Work item:
Filter by the string "forall": return the lines of the material that contain it.

Data excerpts:
(* Let $\tilde{\mathcal{A}}(R,\boldsymbol{\sigma},\boldsymbol{t})$ be a twisted generalized Weyl construction with $t_1,\dots,t_n$ regular in $R$ and satisfying the consistency equations, and let $\mathcal{A}(R,\boldsymbol{\sigma},\boldsymbol{t})$ be the corresponding twisted generalized Weyl algebra. If $\mathcal{B}$ is a $\Bbbk$-algebra and $\tilde{\varphi}:\tilde{\mathcal{A}}(R,\boldsymbol{\sigma},\boldsymbol{t})\to\mathcal{B}$ is a $\Bbbk$-algebra homomorphism such that $\tilde\varphi(r)$ is regular (not a zero-divisor) in $\mathcal{B}$ for every regular element $r$ of $R$, then $\tilde\varphi$ induces a $\Bbbk$-algebra homomorphism $\varphi:\mathcal{A}(R,\boldsymbol{\sigma},\boldsymbol{t})\to\mathcal{B}$.
   Context: Let $\Bbbk$ be a field, $R$ a unital associative $\Bbbk$-algebra, $\sigma_1^{1/2},\dots,\sigma_n^{1/2}$ pairwise commuting automorphisms of $R$ ($\sigma_i=(\sigma_i^{1/2})^2$), $t_1,\dots,t_n\in Z(R)$. The TGWC $\tilde{\mathcal{A}}(R,\boldsymbol{\sigma},\boldsymbol{t})$ is obtained from $R$ by adjoining $X_1^\pm,\dots,X_n^\pm$ with relations $X_i^\pm r=\sigma_i^{\pm1}(r)X_i^\pm$, $X_i^\pm X_i^\mp=\sigma_i^{\pm1/2}(t_i)$, $[X_i^\pm,X_j^\mp]=0$ ($i\ne j$); it is $\mathbb{Z}^n$-graded by $\deg r=0$, $\deg X_i^\pm=\pm\mathbf{e}_i$. The TGWA $\mathcal{A}(R,\boldsymbol{\sigma},\boldsymbol{t})$ is $\tilde{\mathcal{A}}/\mathcal{I}$, where $\mathcal{I}$ is the sum of all graded ideals of $\tilde{\mathcal{A}}$ intersecting the degree-zero part trivially. Consistency equations: $\sigma_j^{1/2}(t_i)\sigma_i^{1/2}(t_j)=\sigma_j^{-1/2}(t_i)\sigma_i^{-1/2}(t_j)$ for $i\ne j$, and $\sigma_i^{1/2}\sigma_j^{1/2}(t_k)\sigma_i^{-1/2}\sigma_j^{-1/2}(t_k)=\sigma_i^{1/2}\sigma_j^{-1/2}(t_k)\sigma_i^{-1/2}\sigma_j^{1/2}(t_k)$ for pairwise distinct $i,j,k$; under these, $R$ is identified with the degree-zero parts of $\tilde{\mathcal{A}}$ and $\mathcal{A}$. *)

theory Defs
  imports Main
begin

definition is_k_algebra :: "('k::field \<Rightarrow> 'a::ring_1) \<Rightarrow> bool" where
  "is_k_algebra e \<longleftrightarrow>
     e 1 = 1 \<and> (\<forall>c d. e (c + d) = e c + e d) \<and> (\<forall>c d. e (c * d) = e c * e d)
     \<and> (\<forall>c x. e c * x = x * e c)"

Answer to this exercise:
     e 1 = 1 \<and> (\<forall>c d. e (c + d) = e c + e d) \<and> (\<forall>c d. e (c * d) = e c * e d)
     \<and> (\<forall>c x. e c * x = x * e c)"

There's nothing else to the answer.